Treatment of hepatitis-associated aplastic anemia with high-dose cyclophosphamide

Abstract

Objective: Demonstrate that high-dose cyclophosphamide (CY) is effective therapy for hepatitis-associated aplastic anemia (HAA).

Background: HAA is a sequence of seronegative hepatitis followed by aplastic anemia. Optimal treatment is matched-sibling allogeneic bone marrow transplantation (BMT). The combination of antithymocyte globulin (ATG) and cyclosporine (CSA) has also been studied, but there are scarce data regarding treatment of HAA.

Procedure: Five patients (median age 14 years; range 6-17 years) with HAA and without an HLA-matched sibling were treated with high-dose CY (50 mg/kg/day IV x 4 days) followed by granulocyte-colony stimulation factor (G-CSF).

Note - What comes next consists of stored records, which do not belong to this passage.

(* Let $\mathbb{X}=\{\mathbf{x}_1,\dots,\mathbf{x}_N\}\subset\mathbb{R}^d$ consist of distinct points, let $P=\sum_kp_k\delta_{\mathbf{x}_k}$ with $p_k>0$, $\sum_kp_k=1$, and let $Q$ be a probability on $\mathbb{R}^d$ with $Q\ll\ell_d$ whose support is connected with Lebesgue negligible boundary. Let $c(\mathbf{x},\mathbf{y})=h(\mathbf{x}-\mathbf{y})$ where $h:\mathbb{R}^d\to[0,\infty)$ is differentiable and satisfies (A1)–(A3), and assume $\int c(\mathbf{x}_i,\mathbf{y})\,dQ(\mathbf{y})<\infty$ for all $i=1,\dots,N$. Then $\operatorname{Opt}^0_c(P,Q)$ is a singleton.
   Context: $\ell_d$ is Lebesgue measure. (A1): $h$ is strictly convex on $\mathbb{R}^d$. (A2): given $r>0$ and $\theta\in(0,\pi)$ there exists $M=M(r,\theta)>0$ such that for every $\mathbf{p}\in\mathbb{R}^d$ with $|\mathbf{p}|>M$ one can find $\mathbf{z}\neq0$ such that on the cone $K(r,\theta,\mathbf{z},\mathbf{p})=\{\mathbf{x}\in\mathbb{R}^d: |\mathbf{x}-\mathbf{p}||\mathbf{z}|\cos(\theta/2)\leq\langle\mathbf{z},\mathbf{x}-\mathbf{p}\rangle\leq r|\mathbf{z}|\}$ (with vertex $\mathbf{p}$) the function $h$ attains its maximum at $\mathbf{p}$. (A3): $\lim_{|\mathbf{x}|\to\infty}h(\mathbf{x})/|\mathbf{x}|=\infty$. $\mathcal{T}_c(P,Q)=\inf_{\pi\in\Pi(P,Q)}\int c\,d\pi$; $g_c(P,Q,\mathbf{z})=\sum_iz_ip_i+\int\min_i\{c(\mathbf{x}_i,\mathbf{y})-z_i\}dQ(\mathbf{y})$; $\operatorname{Opt}^0_c(P,Q)=\{\mathbf{z}\in\mathbb{R}^N:\mathcal{T}_c(P,Q)=g_c(P,Q,\mathbf{z}),\ z_1=0\}$. *)

theory Defs
  imports "HOL-Probability.Probability"
begin
(* For fixed $K$, the exact coverage probabilities are non-increasing in the serving index: $P^{k}_{\mathrm{cov,mf}}(K)\ge P^{k+1}_{\mathrm{cov,mf}}(K)$ and $P^{k}_{\mathrm{cov,zf}}(K)\ge P^{k+1}_{\mathrm{cov,zf}}(K)$ for all $1\le k\le K-1$.
   Context: Let $\Phi_b$ be a homogeneous Poisson point process on $\mathbb{R}^2$ with intensity $\lambda_b>0$; order its points by distance to the origin as $\mathbf d_1,\mathbf d_2,\dots$ with distances $r_1<r_2<\cdots$. Fix integers $K\ge2$, $\alpha>2$, $\gamma>0$, $L\ge1$ (for ZF, $L\ge K$). MF: the typical user at the origin is served by $\mathbf d_k$, desired gain $\sim\Gamma(L,1)$, every other SBS contributes an independent $\mathrm{Exp}(1)$ gain; $\mathrm{SIR}_{k,\mathrm{mf}}=g_k r_k^{-\alpha}/\sum_{j\ne k}g_j r_j^{-\alpha}$. ZF: served by $\mathbf d_k$, desired gain $\sim\Gamma(L-K+1,1)$, only SBSs $\mathbf d_j$ with $j>K$ interfere with independent $\mathrm{Exp}(1)$ gains; $\mathrm{SIR}_{k,\mathrm{zf}}=g_k r_k^{-\alpha}/\sum_{j>K}g_j r_j^{-\alpha}$. All gains independent of each other and of $\Phi_b$. $P^{k}_{\mathrm{cov,mf}}(K)=\mathbb{P}[\mathrm{SIR}_{k,\mathrm{mf}}\ge\gamma]$, $P^{k}_{\mathrm{cov,zf}}(K)=\mathbb{P}[\mathrm{SIR}_{k,\mathrm{zf}}\ge\gamma]$. *)

theory Defs
  imports "HOL-Probability.Probability"
begin

text \<open>Points of the process are indexed from 1: d 1, d 2, ... ordered by distance
  to the origin (d 0 is an unused dummy). Gains: g 0 is the gain of the desired
  (serving) link, g j (j >= 1) is the fading gain of SBS d j towards the typical user.\<close>

definition ppp_count :: "(nat \<Rightarrow> 'w \<Rightarrow> real^2) \<Rightarrow> (real^2) set \<Rightarrow> 'w \<Rightarrow> nat" where
  "ppp_count d A w = card {j. 1 \<le> j \<and> d j w \<in> A}"
lemma ftrace_9_theta_power_2: "ftrace 9 half (a * \<theta> ^ (2 * i)) = (- 1) ^ i * qr_word (\<lambda>j. a ^ (9 ^ j)) i"
proof -
  have "(- (\<theta> ^ 2)) ^ i = (- 1) ^ i * \<theta> ^ (2 * i)"
    by (simp add: power_minus[of "\<theta> ^ 2"] power_mult)
  then have "\<theta> ^ (2 * i) = (- 1) ^ i * (- (\<theta> ^ 2)) ^ i"
    by (simp add: mult.assoc[symmetric] power_mult_distrib[symmetric])
  moreover have "((- 1 :: 'a) ^ i) ^ 9 = ((- 1) ^ 9) ^ i"
    by (simp only: power_mult[symmetric] mult.commute)
  ultimately have "ftrace 9 half (a * \<theta> ^ (2 * i)) = (- 1) ^ i * ftrace 9 half (a * (- (\<theta> ^ 2)) ^ i)"
    using ftrace_mult_fixed[of "(- 1) ^ i" 9 half "a * (- (\<theta> ^ 2)) ^ i"] by (simp add: ac_simps)
  also have "ftrace 9 half (a * (- (\<theta> ^ 2)) ^ i) = qr_word (\<lambda>j. a ^ (9 ^ j)) i"
  proof -
    have "(3::nat) ^ (2 * j) = 9 ^ j" for j
      by (simp add: power_mult)
    then show ?thesis
      unfolding ftrace_def qr_word_def
      by (intro sum.cong refl) (simp add: power_mult_distrib power_mult[symmetric] mult.commute)
  qed
  finally show ?thesis .
qed

definition c_word :: "'a \<Rightarrow> 'a list" where
  "c_word a = map (\<lambda>i. ftrace 3 m (a * \<theta> ^ i)) [0..<2 * \<rho>]"

definition cbar_word :: "'a \<Rightarrow> 'a list" where
  "cbar_word a = map (\<lambda>i. ftrace 9 (m div 2) (a * \<theta> ^ (2 * i))) [0..<\<rho>]"

lemma hamming_dist_c_word:
  "hamming_dist (c_word a) (c_word a') = card {i \<in> {..<2 * \<rho>}. ftrace 3 m ((a - a') * \<theta> ^ i) \<noteq> 0}"
  unfolding c_word_def hamming_dist_map_upt
  by (simp add: ftrace_3_diff left_diff_distrib)

lemma hamming_dist_cbar_word:
  "hamming_dist (cbar_word a) (cbar_word a') = card {i \<in> {..<\<rho>}. ftrace 9 half ((a - a') * \<theta> ^ (2 * i)) \<noteq> 0}"
  unfolding cbar_word_def hamming_dist_map_upt m_div_2
  by (simp add: ftrace_9_diff left_diff_distrib)

lemma theta_power_power_3_neq:
  assumes "0 < k" and "k < m"
  shows "\<theta> ^ (3 ^ k) \<noteq> \<theta>"
proof
  assume "\<theta> ^ (3 ^ k) = \<theta>"
  moreover have "\<theta> \<noteq> 0"
    using theta_power_eq_1_iff[of "4 * \<rho>"] p_ge_3 by (auto simp: power_0_left)
  moreover have "\<theta> ^ (3 ^ k) = \<theta> * \<theta> ^ (3 ^ k - 1)"
    by (simp flip: power_Suc)
  ultimately have "\<theta> ^ (3 ^ k - 1) = 1"
    by simp
  then have "\<rho> dvd 3 ^ k - 1"
    using theta_power_eq_1_iff by (auto dest: dvd_mult_right)
  then have "3 ^ k mod \<rho> = 3 ^ 0 mod \<rho>"
    using mod_eq_dvd_iff_nat[of 1 "3 ^ k" \<rho>] by simp
  then have "k mod (\<rho> - 1) = 0"
    by (simp only: power_mod_eq_iff) simp
  then show False
    using assms m_eq by simp
qed
text \<open>At a zero of \<open>e\<close> the derivative is \<open>0\<close>, since \<open>\<parallel>e(t + h)\<parallel>\<^sup>p = O(\<bar>h\<bar>\<^sup>p)\<close> and \<open>p > 1\<close>,
  in agreement with the convention \<open>pform p y 0 = 0\<close>.\<close>
lemma has_real_derivative_norm_powr:
  fixes e :: "real \<Rightarrow> 'a::real_normed_vector"
  assumes smooth: "R_smooth TYPE('a)" and e: "(e has_vector_derivative D) (at t)" and p: "1 < p"
  shows "((\<lambda>r. norm (e r) powr p) has_real_derivative p * pform p D (e t)) (at t)"
proof (cases "e t = 0")
  case False
  have "((\<lambda>z. z powr p) \<circ> (\<lambda>r. norm (e r)) has_real_derivative
      (p * norm (e t) powr (p - 1)) * Dnorm (e t) D) (at t)"
    using False by (intro DERIV_chain has_real_derivative_powr has_real_derivative_norm[OF smooth e]) auto
  thus ?thesis using False by (simp add: pform_def o_def mult.assoc)
next
  case True
  define C where "C = norm D + 1"
  have C: "0 < C" unfolding C_def using norm_ge_zero[of D] by linarith
  have "((\<lambda>h. (norm (e (t + h)) powr p - norm (e t) powr p) / h) \<longlongrightarrow> 0) (at 0)"
  proof (rule Lim_null_comparison)
    have "((\<lambda>h::real. \<bar>h\<bar> powr (p - 1)) \<longlongrightarrow> 0) (at 0)"
      by (rule tendsto_zero_powrI) (use p in \<open>auto intro!: tendsto_eq_intros\<close>)
    thus "((\<lambda>h. C powr p * \<bar>h\<bar> powr (p - 1)) \<longlongrightarrow> 0) (at 0)"
      using tendsto_mult_right_zero by blast
    have "\<forall>\<^sub>F h in at 0. norm (e (t + h) - e t - h *\<^sub>R D) / \<bar>h\<bar> < 1"
      using has_vector_derivative_remainder[OF e] by (rule order_tendstoD) simp
    moreover have "\<forall>\<^sub>F h in at 0. h \<noteq> 0" by (simp add: eventually_at_filter)
    ultimately show "\<forall>\<^sub>F h in at 0.
        norm ((norm (e (t + h)) powr p - norm (e t) powr p) / h) \<le> C powr p * \<bar>h\<bar> powr (p - 1)"
    proof eventually_elim
      case (elim h)
      have h: "0 < \<bar>h\<bar>" using elim by simp
      have "norm (e (t + h) - h *\<^sub>R D) < \<bar>h\<bar>" using elim True h by (simp add: divide_less_eq)
      hence "norm (e (t + h)) \<le> \<bar>h\<bar> * C"
        using norm_triangle_ineq[of "e (t + h) - h *\<^sub>R D" "h *\<^sub>R D"] by (simp add: C_def algebra_simps)
      hence "norm (e (t + h)) powr p \<le> (\<bar>h\<bar> * C) powr p"
        using p by (intro powr_mono2) auto
      also have "\<dots> = \<bar>h\<bar> powr (p - 1) * \<bar>h\<bar> * C powr p"
        using h C by (simp add: powr_mult powr_diff)
      finally have "norm (e (t + h)) powr p / \<bar>h\<bar> \<le> C powr p * \<bar>h\<bar> powr (p - 1)"
        using h by (simp add: divide_le_eq algebra_simps)
      thus ?case using True p by simp
    qed
  qed
  thus ?thesis using True unfolding DERIV_def by (simp add: pform_def)
qed

lemma young_powr:
  fixes p x r :: real
  assumes p: "1 < p" and x: "0 \<le> x" and r: "0 \<le> r"
  shows "p * x powr (p - 1) * r \<le> r powr p + (p - 1) * x powr p"
proof -
  have "r * x powr (p - 1) \<le> r powr p / p + (x powr (p - 1)) powr (p / (p - 1)) / (p / (p - 1))"
    using p r by (intro Youngs_inequality) (auto simp: field_simps)
  also have "(x powr (p - 1)) powr (p / (p - 1)) = x powr p"
    using p by (simp add: powr_powr)
  finally show ?thesis using p by (simp add: field_simps)
qed

lemma pform_add_le:
  fixes r d y :: "'a::real_normed_vector"
  assumes smooth: "R_smooth TYPE('a)" and p: "1 < p"
  shows "p * pform p (r + d) y \<le> norm r powr p + (p - 1) * norm y powr p + p * pform p d y"
proof (cases "y = 0")
  case False
  have "pform p (r + d) y \<le> norm y powr (p - 1) * (norm r + Dnorm y d)"
    using Dnorm_add_le[OF smooth False] False by (simp add: pform_def mult_left_mono)
  also have "\<dots> = norm y powr (p - 1) * norm r + pform p d y"
    using False by (simp add: pform_def algebra_simps)
  finally have "p * pform p (r + d) y \<le> p * (norm y powr (p - 1) * norm r + pform p d y)"
    using p by (intro mult_left_mono) auto
  thus ?thesis using young_powr[OF p, of "norm y" "norm r"] by (simp add: algebra_simps)
qed (use p in \<open>simp add: pform_def\<close>)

Results: After at least 1 year of follow-up, four of five patients are in remission without further immune suppression beyond high-dose CY. Of the 4 responders, median time to absolute neutrophil count (ANC) >500 microl(-1) was 51 days (range 44-369). Median time to transfusion independence for erythrocytes and platelets was 109 (range 57-679) and 160 (range 48-679) days, respectively. The fifth patient did not respond and proceeded to an unrelated donor transplant. One patient met criteria for autoimmune hepatitis (AIH) in addition to HAA. In this case, high-dose CY successfully induced remission of both diseases.

Conclusions: High-dose CY induces durable remissions in HAA and may be an effective treatment for AIH.